Zoning Isn’t The Only Thing Constraining The Housing Market

Seattle is a supply-constrained market. Some libertarians have suggested zoning restrictions are the only thing constraining the supply, but that’s not necessarily true. Easing zoning restrictions is certainly part of the solution, but it’s a necessary but not sufficient condition for affordable housing.

Sound_Transit_map-3-01
By 2023, North Link will reach Shoreline, Mountlake Terrace and Lynnwood. South Link will reach beyond SeaTac to Des Moines, Kent, and Federal Way. East Link will reach Mercer Island, Bellevue, and Redmond. (Zach Shaner)

Seattle is but 84 square miles. Even with liberalized zoning, land and physics eventually will become nearly as constraining as zoning is now. We have the ability to build super tall, but to do so is extremely expensive. Supertall skyscrapers are suited for luxury units, but ill-suited for affordable units since low rents cannot cover the high costs of engineering a supertall building. Large projects also need to prove they are a safe investment to the banks and investors financing them, and serving poor tenants rarely fits the bill. In the condo market, strict laws demanding a very high quality product and making it very easy to sue cause it to be challenging to serving the low- and middle-income markets where the profit margins can be tighter.

Land needs could also be met by the Seattle suburbs. Unfortunately, the transit network is weaker in the suburbs. To be well suited for dense mixed-use development, the suburbs need high capacity transit. Sound Transit is building it to select suburban neighborhoods thanks to North Link, South Link, and East Link, but it seems doubtful these three light rail lines will open up enough suburban real estate to dense mixed-income development to turn the tide.

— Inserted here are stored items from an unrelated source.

lemma recovery_constants_le:
  fixes \<delta> :: real
  assumes "0 \<le> \<delta>" and "\<delta> < 1 / (2 * sqrt 2 + 1)"
  defines "den \<equiv> (1 - \<delta>) * (1 - \<delta> * (2 * sqrt 2 + 1))"
  shows "3 * \<delta> < 1"
    and "2 * (1 + \<delta>) / (1 - 3 * \<delta>) \<le> 2 * (1 + \<delta> * (2 * sqrt 2 - 3))^2 / den"
    and "4 * sqrt (1 + \<delta>) / (1 - 3 * \<delta>) \<le> 2 * (3 + \<delta> * (2 * sqrt 2 - 3)) * sqrt (1 + \<delta>) / den"
proof -
  have small: "\<delta> * (2 * sqrt 2 + 1) < 1"
    using assms(2) by (simp add: less_divide_eq add_pos_pos)
  define q where "q = sqrt 2"
  have q2: "q * q = 2" unfolding q_def by simp
  have q_lower: "14142 / 10000 \<le> q" unfolding q_def by (rule real_le_rsqrt) (simp add: power2_eq_square)
  have q_upper: "q \<le> 14143 / 10000" unfolding q_def by (rule real_le_lsqrt) (simp_all add: power2_eq_square)
  have "\<delta> * (2 * q + 1) \<ge> \<delta> * (38284 / 10000)"
    using q_lower \<open>0 \<le> \<delta>\<close> by (intro mult_left_mono) auto
  then have \<delta>_upper: "\<delta> \<le> 27 / 100" using small unfolding q_def by linarith
  have "\<delta>^2 \<le> 729 / 10000"
    using power_mono[OF \<delta>_upper \<open>0 \<le> \<delta>\<close>, of 2] by (simp add: power2_eq_square)
  have C: "(1 + \<delta>) * den \<le> (1 + \<delta> * (2 * q - 3))^2 * (1 - 3 * \<delta>)"
  proof -
    have identity: "(1 + \<delta> * (2 * q - 3))^2 * (1 - 3 * \<delta>) - (1 + \<delta>) * den
        = \<delta> * ((6 * q - 8) + (36 - 24 * q) * \<delta> + (34 * q - 52) * \<delta>^2) + 4 * \<delta>^2 * (1 - 3 * \<delta>) * (q * q - 2)"
      unfolding den_def q_def by (simp add: algebra_simps power2_eq_square power3_eq_cube)
    have "(36 - 24 * q) * \<delta> \<ge> 0"
      using q_upper \<open>0 \<le> \<delta>\<close> by simp
    moreover have "-4 * \<delta>^2 \<le> (34 * q - 52) * \<delta>^2"
      using q_lower by (intro mult_right_mono) auto
    ultimately have "\<delta> * ((6 * q - 8) + (36 - 24 * q) * \<delta> + (34 * q - 52) * \<delta>^2) \<ge> 0"
      using \<open>\<delta>^2 \<le> _\<close> q_lower \<open>0 \<le> \<delta>\<close> by (intro mult_nonneg_nonneg) linarith+
    with identity show ?thesis using q2 by simp
  qed
  have D: "2 * den \<le> (3 + \<delta> * (2 * q - 3)) * (1 - 3 * \<delta>)"
  proof -
    have "(3 + \<delta> * (2 * q - 3)) * (1 - 3 * \<delta>) - 2 * den = 1 + (6 * q - 8) * \<delta> + (7 - 10 * q) * \<delta>^2"
      unfolding den_def q_def by (simp add: algebra_simps power2_eq_square)
    moreover have "(6 * q - 8) * \<delta> \<ge> 0"
      using q_lower \<open>0 \<le> \<delta>\<close> by simp
    moreover have "-8 * \<delta>^2 \<le> (7 - 10 * q) * \<delta>^2"
      using q_upper by (intro mult_right_mono) auto
    ultimately show ?thesis using \<open>\<delta>^2 \<le> _\<close> by linarith
  qed
  show "3 * \<delta> < 1" using \<delta>_upper by simp
  have "0 < 1 - 3 * \<delta>" "0 < den"
    using \<delta>_upper small unfolding den_def by (auto intro!: mult_pos_pos)
  have cross: "a / b \<le> c / d" if "0 < b" "0 < d" "a * d \<le> c * b" for a b c d :: real
    using that by (simp add: field_simps)
  show "2 * (1 + \<delta>) / (1 - 3 * \<delta>) \<le> 2 * (1 + \<delta> * (2 * sqrt 2 - 3))^2 / den"
    using mult_left_mono[OF C, of 2]
    by (intro cross \<open>0 < den\<close> \<open>0 < 1 - 3 * \<delta>\<close>) (simp add: q_def mult_ac)
  show "4 * sqrt (1 + \<delta>) / (1 - 3 * \<delta>) \<le> 2 * (3 + \<delta> * (2 * sqrt 2 - 3)) * sqrt (1 + \<delta>) / den"
  proof (intro cross \<open>0 < den\<close> \<open>0 < 1 - 3 * \<delta>\<close>)
    show "4 * sqrt (1 + \<delta>) * den \<le> 2 * (3 + \<delta> * (2 * sqrt 2 - 3)) * sqrt (1 + \<delta>) * (1 - 3 * \<delta>)"
      using mult_left_mono[OF D, of "2 * sqrt (1 + \<delta>)"] \<open>0 \<le> \<delta>\<close> by (simp add: q_def algebra_simps)
  qed
qed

To compound matters, the current political reality — which isn’t great in Seattle — is even worse in many suburbs where the loudest voices are dead set against multi-family development. Mercer Island, for example, nearly passed a moratorium on all residential development in December, avoiding that fate by one vote. There are some shining exceptions to this trend, but the embrace of dense transit-oriented development will have to be wide-scale enough to appreciably ease the housing pressure in the wider market for urban housing in the Seattle metropolitan area.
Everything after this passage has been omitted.